[WHAT THE EXERCISE ASKS]
Lines with "that" in them are to be located in the listing below and copied.

[RECORDED INFORMATION]
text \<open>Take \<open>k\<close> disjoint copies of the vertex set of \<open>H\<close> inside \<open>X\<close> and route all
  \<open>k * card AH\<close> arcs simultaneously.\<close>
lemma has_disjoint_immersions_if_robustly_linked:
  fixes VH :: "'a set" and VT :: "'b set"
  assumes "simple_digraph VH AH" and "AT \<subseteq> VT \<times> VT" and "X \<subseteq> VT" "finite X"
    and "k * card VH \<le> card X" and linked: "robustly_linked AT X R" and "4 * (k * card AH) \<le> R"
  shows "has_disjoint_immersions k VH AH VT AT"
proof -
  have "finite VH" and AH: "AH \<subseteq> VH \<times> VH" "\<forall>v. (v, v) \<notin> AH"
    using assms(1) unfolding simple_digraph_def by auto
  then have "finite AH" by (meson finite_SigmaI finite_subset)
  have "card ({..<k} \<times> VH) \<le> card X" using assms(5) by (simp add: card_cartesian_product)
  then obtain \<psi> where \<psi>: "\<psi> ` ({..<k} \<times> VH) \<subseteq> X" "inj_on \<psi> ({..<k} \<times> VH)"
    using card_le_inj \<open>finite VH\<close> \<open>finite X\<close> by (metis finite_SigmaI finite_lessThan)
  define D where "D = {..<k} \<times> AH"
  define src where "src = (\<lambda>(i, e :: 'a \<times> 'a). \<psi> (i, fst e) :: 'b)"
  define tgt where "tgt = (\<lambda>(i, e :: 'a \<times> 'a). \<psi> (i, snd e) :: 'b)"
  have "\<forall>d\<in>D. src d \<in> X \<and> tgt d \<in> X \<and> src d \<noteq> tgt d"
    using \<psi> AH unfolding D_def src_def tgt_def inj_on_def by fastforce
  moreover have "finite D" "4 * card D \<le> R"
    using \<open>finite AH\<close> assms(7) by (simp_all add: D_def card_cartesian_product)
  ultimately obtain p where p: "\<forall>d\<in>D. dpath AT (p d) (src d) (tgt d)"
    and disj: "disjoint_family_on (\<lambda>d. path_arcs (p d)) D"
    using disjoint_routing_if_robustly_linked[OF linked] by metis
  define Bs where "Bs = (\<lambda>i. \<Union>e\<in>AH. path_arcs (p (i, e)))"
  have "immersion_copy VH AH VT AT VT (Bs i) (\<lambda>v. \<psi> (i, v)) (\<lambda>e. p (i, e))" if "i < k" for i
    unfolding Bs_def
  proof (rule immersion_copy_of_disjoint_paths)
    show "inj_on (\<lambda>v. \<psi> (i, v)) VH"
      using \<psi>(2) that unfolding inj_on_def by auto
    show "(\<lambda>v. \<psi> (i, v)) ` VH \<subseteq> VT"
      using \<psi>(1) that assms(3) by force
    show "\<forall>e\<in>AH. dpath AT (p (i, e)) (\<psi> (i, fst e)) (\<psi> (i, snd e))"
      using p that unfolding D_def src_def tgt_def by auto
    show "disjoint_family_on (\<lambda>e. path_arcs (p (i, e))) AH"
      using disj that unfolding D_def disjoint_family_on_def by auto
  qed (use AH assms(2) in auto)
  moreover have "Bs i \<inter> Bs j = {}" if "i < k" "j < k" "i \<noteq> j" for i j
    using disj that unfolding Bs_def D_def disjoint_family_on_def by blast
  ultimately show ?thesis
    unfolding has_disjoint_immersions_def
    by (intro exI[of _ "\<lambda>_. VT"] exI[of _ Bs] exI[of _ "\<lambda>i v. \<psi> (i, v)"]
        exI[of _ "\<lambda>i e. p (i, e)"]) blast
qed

[SOLVED PROBLEM]
      using \<psi>(2) that unfolding inj_on_def by auto
      using \<psi>(1) that assms(3) by force
      using p that unfolding D_def src_def tgt_def by auto
      using disj that unfolding D_def disjoint_family_on_def by auto
    using disj that unfolding Bs_def D_def disjoint_family_on_def by blast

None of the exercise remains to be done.